W końcu poczucie porażki to jedno z podstawowych ludzkich doświadczeń – bardzo uniwersalne. Ale nie tylko dlatego tę książkę czyta się z rosnącą fascynacją. Fascynujący jest język tego reportażu – z jednej strony przystępny, bezpośredni, potoczny – z drugiej literacki, operujący anegdotą, metaforą, skrótem. „Gdyby nie pewien bóbr, Detroit nigdy by nie powstało. Ludwik XIII, homoseksualny król Francji z rozszczepionym podniebieniem i problemami z jąkaniem, bardzo lubił paradować po ulicach Paryża ubrany w kapelusz z bobra”. Otóż to! Typowy LeDuff. Dowcip, sugestywny obrazek, żadnych nudnawych opisów. „Dojechałem do klubu jazzowego Baker’s Keyboard Lounge w momencie, kiedy zaszło słońce”. Jakby to miało jakieś znaczenie. Ale pal licho zgrzebną celowość, my tu dostajemy nastroje, minifabułki, anegdoty i obrazy – niektóre bardzo długo z nami zostaną. Jak ten: „Zmarłych grzebano tutaj zazwyczaj w krzykliwie pomalowanych urnach lub trumnach wypełnionych fioletowymi i pomarańczowymi pomponami”. Zmarli wśród kolorowych pomponów! Oczywiście naukowiec antropolog, który spodziewał się socjologicznej i ekonomicznej analizy, prześwietlenia morfologii miasta, statystyk i danych, może się poczuć rozczarowany. A jednak udało się autorowi uchwycić i ponury urok Miasta Silników, i realną grozę, okrucieństwo dzielnic, w których człowiek z wypchanym portfelem jest zwierzyną łowną.

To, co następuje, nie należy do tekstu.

lemma abs_inv_signed_perm_bounds:
  assumes "signed_perm n \<sigma>" "j < n"
  shows "1 \<le> \<bar>inv \<sigma> (int j + 1)\<bar> \<and> \<bar>inv \<sigma> (int j + 1)\<bar> \<le> int n"
proof -
  have "int j + 1 \<in> signed_domain n" using assms(2) by auto
  then have "inv \<sigma> (int j + 1) \<in> signed_domain n"
    using permutes_in_image[OF signed_perm_inv(1)[OF assms(1)]] by blast
  then show ?thesis by auto
qed

definition signed_rho :: "nat \<Rightarrow> (int \<Rightarrow> int) \<Rightarrow> int list" where
  "signed_rho n \<sigma> =
     map (\<lambda>j. sgn (inv \<sigma> (int j + 1)) * (int n + 1 - \<bar>inv \<sigma> (int j + 1)\<bar>)) [0..<n]"

lemma length_signed_rho [simp]: "length (signed_rho n \<sigma>) = n"
  by (simp add: signed_rho_def)

lemma signed_rho_nth:
  "j < n \<Longrightarrow> signed_rho n \<sigma> ! j = sgn (inv \<sigma> (int j + 1)) * (int n + 1 - \<bar>inv \<sigma> (int j + 1)\<bar>)"
  by (simp add: signed_rho_def)

lemma sp_act_rho_g:
  assumes "signed_perm n \<sigma>"
  shows "sp_act n \<sigma> (rho_g n) = map of_int (signed_rho n \<sigma>)"
proof (rule nth_equalityI)
  show "length (sp_act n \<sigma> (rho_g n)) = length (map of_int (signed_rho n \<sigma>))"
    by (simp add: sp_act_def del: upt_Suc)
  fix j assume "j < length (sp_act n \<sigma> (rho_g n))"
  then have j: "j < n" by (simp add: sp_act_def del: upt_Suc)
  define i where "i = inv \<sigma> (int j + 1)"
  have b: "1 \<le> \<bar>i\<bar>" "\<bar>i\<bar> \<le> int n" using abs_inv_signed_perm_bounds[OF assms j] i_def by auto
  have "rho_g n ! (nat \<bar>i\<bar> - 1) = of_int (int n + 1 - \<bar>i\<bar>)"
    using b by (simp add: rho_g_def of_nat_diff)
  moreover have "[1..<n+1] ! j = Suc j" using j by (simp add: nth_upt del: upt_Suc)
  moreover have "inv \<sigma> (1 + int j) = i" by (simp add: i_def add.commute)
  ultimately show "sp_act n \<sigma> (rho_g n) ! j = map of_int (signed_rho n \<sigma>) ! j"
    using j unfolding sp_act_def signed_rho_def i_def[symmetric]
    by (simp add: i_def[symmetric] Let_def of_int_mult del: upt_Suc)
qed

lemma abs_signed_rho_nth:
  assumes "signed_perm n \<sigma>" "j < n"
  shows "\<bar>signed_rho n \<sigma> ! j\<bar> = int n + 1 - \<bar>inv \<sigma> (int j + 1)\<bar>"
    and "1 \<le> \<bar>signed_rho n \<sigma> ! j\<bar>" "\<bar>signed_rho n \<sigma> ! j\<bar> \<le> int n"
proof -
  have b: "1 \<le> \<bar>inv \<sigma> (int j + 1)\<bar>" "\<bar>inv \<sigma> (int j + 1)\<bar> \<le> int n"
    using abs_inv_signed_perm_bounds[OF assms] by auto
  then have "\<bar>sgn (inv \<sigma> (int j + 1))\<bar> = 1" by (auto simp: sgn_if)
  then show "\<bar>signed_rho n \<sigma> ! j\<bar> = int n + 1 - \<bar>inv \<sigma> (int j + 1)\<bar>"
    using b by (simp add: signed_rho_nth[OF assms(2)] abs_mult)
  then show "1 \<le> \<bar>signed_rho n \<sigma> ! j\<bar>" "\<bar>signed_rho n \<sigma> ! j\<bar> \<le> int n" using b by auto
qed

lemma inv_signed_perm_eq:
  assumes "signed_perm n \<sigma>" "1 \<le> x" "x \<le> int n"
  shows "inv \<sigma> x = sgn (signed_rho n \<sigma> ! (nat x - 1)) * (int n + 1 - \<bar>signed_rho n \<sigma> ! (nat x - 1)\<bar>)"
proof -
  define j where "j = nat x - 1"
  have j: "j < n" and xj: "x = int j + 1" using assms(2,3) by (auto simp: j_def)
  have b: "1 \<le> \<bar>inv \<sigma> (int j + 1)\<bar>" "\<bar>inv \<sigma> (int j + 1)\<bar> \<le> int n"
    using abs_inv_signed_perm_bounds[OF assms(1) j] by auto
  have "sgn (signed_rho n \<sigma> ! j) = sgn (inv \<sigma> (int j + 1))"
    using b by (simp add: signed_rho_nth[OF j] sgn_mult)
  then have "inv \<sigma> (int j + 1) = sgn (signed_rho n \<sigma> ! j) * (int n + 1 - \<bar>signed_rho n \<sigma> ! j\<bar>)"
    using abs_signed_rho_nth(1)[OF assms(1) j] by (simp add: sgn_mult_abs)
  then show ?thesis unfolding j_def[symmetric] xj[symmetric] .
qed

lemma distinct_abs_signed_rho:
  assumes "signed_perm n \<sigma>"
  shows "distinct (map abs (signed_rho n \<sigma>))"
proof (subst distinct_conv_nth, intro allI impI)
  fix i j
  assume ij: "i < length (map abs (signed_rho n \<sigma>))" "j < length (map abs (signed_rho n \<sigma>))" "i \<noteq> j"
  then have i: "i < n" and j: "j < n" by auto
  show "map abs (signed_rho n \<sigma>) ! i \<noteq> map abs (signed_rho n \<sigma>) ! j"
  proof
    assume "map abs (signed_rho n \<sigma>) ! i = map abs (signed_rho n \<sigma>) ! j"
    then have "\<bar>inv \<sigma> (int i + 1)\<bar> = \<bar>inv \<sigma> (int j + 1)\<bar>"
      using abs_signed_rho_nth(1)[OF assms i] abs_signed_rho_nth(1)[OF assms j] i j by simp
    then have "inv \<sigma> (int i + 1) = inv \<sigma> (int j + 1) \<or> inv \<sigma> (int i + 1) = inv \<sigma> (- (int j + 1))"
      using signed_perm_inv(2)[OF assms] abs_eq_iff by metis
    moreover have "inj (inv \<sigma>)" using permutes_inj[OF signed_perm_inv(1)[OF assms]] .
    ultimately have "int i + 1 = int j + 1 \<or> int i + 1 = - (int j + 1)" by (meson injD)
    then show False using ij(3) by auto
  qed
qed

lemma signed_rho_inject:
  assumes "signed_perm n \<sigma>1" "signed_perm n \<sigma>2" "signed_rho n \<sigma>1 = signed_rho n \<sigma>2"
  shows "\<sigma>1 = \<sigma>2"
proof -
  have P1: "inv \<sigma>1 permutes signed_domain n" and P2: "inv \<sigma>2 permutes signed_domain n"
    using signed_perm_inv assms by auto
  have pos: "inv \<sigma>1 x = inv \<sigma>2 x" if "1 \<le> x" "x \<le> int n" for x
    using inv_signed_perm_eq[OF assms(1) that] inv_signed_perm_eq[OF assms(2) that] assms(3) by simp
  have "inv \<sigma>1 x = inv \<sigma>2 x" for x
  proof (cases "x \<in> signed_domain n")
    case True
    then consider "1 \<le> x" "x \<le> int n" | "1 \<le> - x" "- x \<le> int n" by fastforce
    then show ?thesis
    proof cases
      case 2
      then have "inv \<sigma>1 (- x) = inv \<sigma>2 (- x)" using pos by blast
      then show ?thesis using signed_perm_inv(2)[OF assms(1)] signed_perm_inv(2)[OF assms(2)]
        by (metis minus_minus)
    qed (use pos in blast)
  next
    case False
    then show ?thesis using permutes_not_in[OF P1] permutes_not_in[OF P2] by simp
  qed
  then have "inv (inv \<sigma>1) = inv (inv \<sigma>2)" by presburger
  then show ?thesis using assms(1,2) permutes_inv_inv unfolding signed_perm_def by metis
qed

lemma signed_rho_abs_bounds:
  "signed_perm n \<sigma> \<Longrightarrow> \<forall>x\<in>set (signed_rho n \<sigma>). 1 \<le> \<bar>x\<bar> \<and> \<bar>x\<bar> \<le> int n"
  using abs_signed_rho_nth(2,3) by (fastforce simp: in_set_conv_nth)

lemma W1_iff_signed_rho:
  "W1 n \<sigma> \<longleftrightarrow> signed_perm n \<sigma> \<and> sorted_wrt (\<ge>) (signed_rho n \<sigma>)"
  by (auto simp: W1_def sp_act_rho_g sorted_wrt_map)

lemma W1_sorted_signed_rho: "W1 n \<sigma> \<Longrightarrow> sorted_wrt (>) (signed_rho n \<sigma>)"
  using W1_iff_signed_rho distinct_abs_signed_rho sorted_wrt_gt_if_ge_distinct
  by (metis distinct_map)

lemma signed_rho_surj:
  assumes len: "length r = n" and dis: "distinct (map abs r)"
    and rng: "\<forall>x\<in>set r. 1 \<le> \<bar>x\<bar> \<and> \<bar>x\<bar> \<le> int n"
  shows "\<exists>\<sigma>. signed_perm n \<sigma> \<and> signed_rho n \<sigma> = r"
proof -
  \<comment> \<open>\<open>h\<close> is the inverse of the required \<open>\<sigma>\<close> on \<open>1, \<dots>, n\<close>, read off from \<open>r\<close>; \<open>g\<close> extends it oddly.\<close>
  define h where "h x = sgn (r ! (nat x - 1)) * (int n + 1 - \<bar>r ! (nat x - 1)\<bar>)" for x
  define g where "g x = (if x \<in> signed_domain n then sgn x * h \<bar>x\<bar> else x)" for x
  have h: "sgn (h x) = sgn (r ! (nat x - 1)) \<and> \<bar>h x\<bar> = int n + 1 - \<bar>r ! (nat x - 1)\<bar> \<and>
      1 \<le> \<bar>h x\<bar> \<and> \<bar>h x\<bar> \<le> int n" if "1 \<le> x" "x \<le> int n" for x
  proof -
    have "nat x - 1 < n" using that by auto
    then have e: "1 \<le> \<bar>r ! (nat x - 1)\<bar>" "\<bar>r ! (nat x - 1)\<bar> \<le> int n" using rng len by auto
    then have "\<bar>sgn (r ! (nat x - 1))\<bar> = 1" by (auto simp: sgn_if)
    then show ?thesis using e unfolding h_def by (auto simp: sgn_mult abs_mult)
  qed
  have abs_g: "\<bar>g x\<bar> = \<bar>h \<bar>x\<bar>\<bar>" if "x \<in> signed_domain n" for x
  proof -
    have "\<bar>sgn x\<bar> = 1" using that by (auto simp: sgn_if)
    then show ?thesis using that by (simp add: g_def abs_mult)
  qed
  have g_in: "g x \<in> signed_domain n" if "x \<in> signed_domain n" for x
  proof -
    have "1 \<le> \<bar>x\<bar>" "\<bar>x\<bar> \<le> int n" using that by auto
    then show ?thesis using abs_g[OF that] h by fastforce
  qed
  have "inj_on g (signed_domain n)"
  proof (rule inj_onI)
    fix x y assume x: "x \<in> signed_domain n" and y: "y \<in> signed_domain n" and e: "g x = g y"
    have ax: "1 \<le> \<bar>x\<bar>" "\<bar>x\<bar> \<le> int n" and ay: "1 \<le> \<bar>y\<bar>" "\<bar>y\<bar> \<le> int n" using x y by auto
    have "\<bar>r ! (nat \<bar>x\<bar> - 1)\<bar> = \<bar>r ! (nat \<bar>y\<bar> - 1)\<bar>"
      using abs_g[OF x] abs_g[OF y] e h[OF ax] h[OF ay] by simp
    moreover have "nat \<bar>x\<bar> - 1 < length r" "nat \<bar>y\<bar> - 1 < length r" using ax ay len by auto
    ultimately have "nat \<bar>x\<bar> - 1 = nat \<bar>y\<bar> - 1"
      using nth_eq_iff_index_eq[OF dis] by simp
    then have a: "\<bar>x\<bar> = \<bar>y\<bar>" using ax ay by arith
    then have "sgn x * h \<bar>x\<bar> = sgn y * h \<bar>x\<bar>" using e x y by (simp add: g_def)
    then have "sgn x = sgn y" using h[OF ax] by auto
    then show "x = y" using a by (metis sgn_mult_abs)
  qed
  moreover have "g ` signed_domain n = signed_domain n"
    by (rule endo_inj_surj) (use g_in calculation in blast)+
  ultimately have "g permutes signed_domain n"
    by (intro bij_imp_permutes) (auto simp: bij_betw_def g_def)
  moreover have "g (- x) = - g x" for x
    by (cases "x \<in> signed_domain n") (auto simp: g_def sgn_minus)
  ultimately have \<sigma>: "signed_perm n (inv g)" "inv (inv g) = g"
    using signed_perm_inv_of_odd_permutation by blast+
  have "signed_rho n (inv g) = r"
  proof (rule nth_equalityI)
    fix j assume "j < length (signed_rho n (inv g))"
    then have j: "j < n" by simp
    have "inv (inv g) (int j + 1) = h (int j + 1)" using j \<sigma>(2) by (simp add: g_def)
    moreover have "nat (int j + 1) - 1 = j" by arith
    moreover have "1 \<le> int j + 1" "int j + 1 \<le> int n" using j by auto
    ultimately show "signed_rho n (inv g) ! j = r ! j"
      using j h[of "int j + 1"] by (simp add: signed_rho_nth sgn_mult_abs)
  qed (use len in simp)
  then show ?thesis using \<sigma>(1) by blast
qed

section \<open>Coordinatewise form of (E)\<close>

lemma vadd_nth: "i < length xs \<Longrightarrow> i < length ys \<Longrightarrow> vadd xs ys ! i = xs ! i + ys ! i"
  by (simp add: vadd_def)

lemma length_vadd [simp]: "length (vadd xs ys) = min (length xs) (length ys)"
  by (simp add: vadd_def)

lemma length_rho_k [simp]: "length (rho_k n) = n"
  by (simp add: rho_k_def)

lemma rho_k_nth: "i < n \<Longrightarrow> rho_k n ! i = (of_nat n - 1) / 2 - of_nat i"
  by (simp add: rho_k_def)

lemma length_corr:
  "length a = p \<Longrightarrow> length b = q \<Longrightarrow> p + q \<le> n \<Longrightarrow> length (corr n \<epsilon> \<eta> (p + q) a b) = n"
  by (simp add: corr_def)

lemma corr_nth:
  assumes "length a = p" "length b = q" "p + q \<le> n" "i < n"
  shows "corr n \<epsilon> \<eta> (p + q) a b ! i =
    (if i < q then - (of_nat \<eta> + 2 * of_nat (b ! i))
     else if i < n - p then 0 else of_nat \<epsilon> + 2 * of_nat (a ! (n - 1 - i)))"
proof -
  have "rev (map (\<lambda>ai. of_nat \<epsilon> + 2 * of_nat ai) a) ! t = (of_nat \<epsilon> + 2 * of_nat (a ! (p - 1 - t)) :: rat)"
    if "t < p" for t
    using that assms(1) by (simp add: rev_nth)
  from this[of "i - (n - p)"] show ?thesis
    using assms unfolding corr_def by (auto simp: nth_append)
qed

Narratorem książki jest dziennikarz, który po latach wraca na stare śmiecie, do zeszmaconego Detroit, by opisać miasto od środka. Mimo że pisze reportaż, stara się pisać jak najintensywniej, używa wszystkich dostępnych środków wyrazu. Chce nas przerazić, oczarować, zaszokować i uwieść. Jest jak w telewizji: emocje, emocje! Tempo, szybki montaż, wyraziste postacie! Bohaterowie tego reportażu są skonstruowani tak jak bohaterowie literaccy. Obserwujemy ich w różnych sytuacjach, kibicujemy im, potępiamy ich bądź usprawiedliwiamy. Kronika upadku Wielkiego Amerykańskiego Przemysłowego Miasta to także historia starzejącego się dziennikarza, który traci grunt pod nogami i dystans, a atmosfera miasta udziela mu się i powoli zatruwa jego życie zawodowe i osobiste. „To miasto płonie całymi dniami i nocami, a my mamy gówniany ekwipunek”. Ale przecież lubimy patrzeć, jak płonie.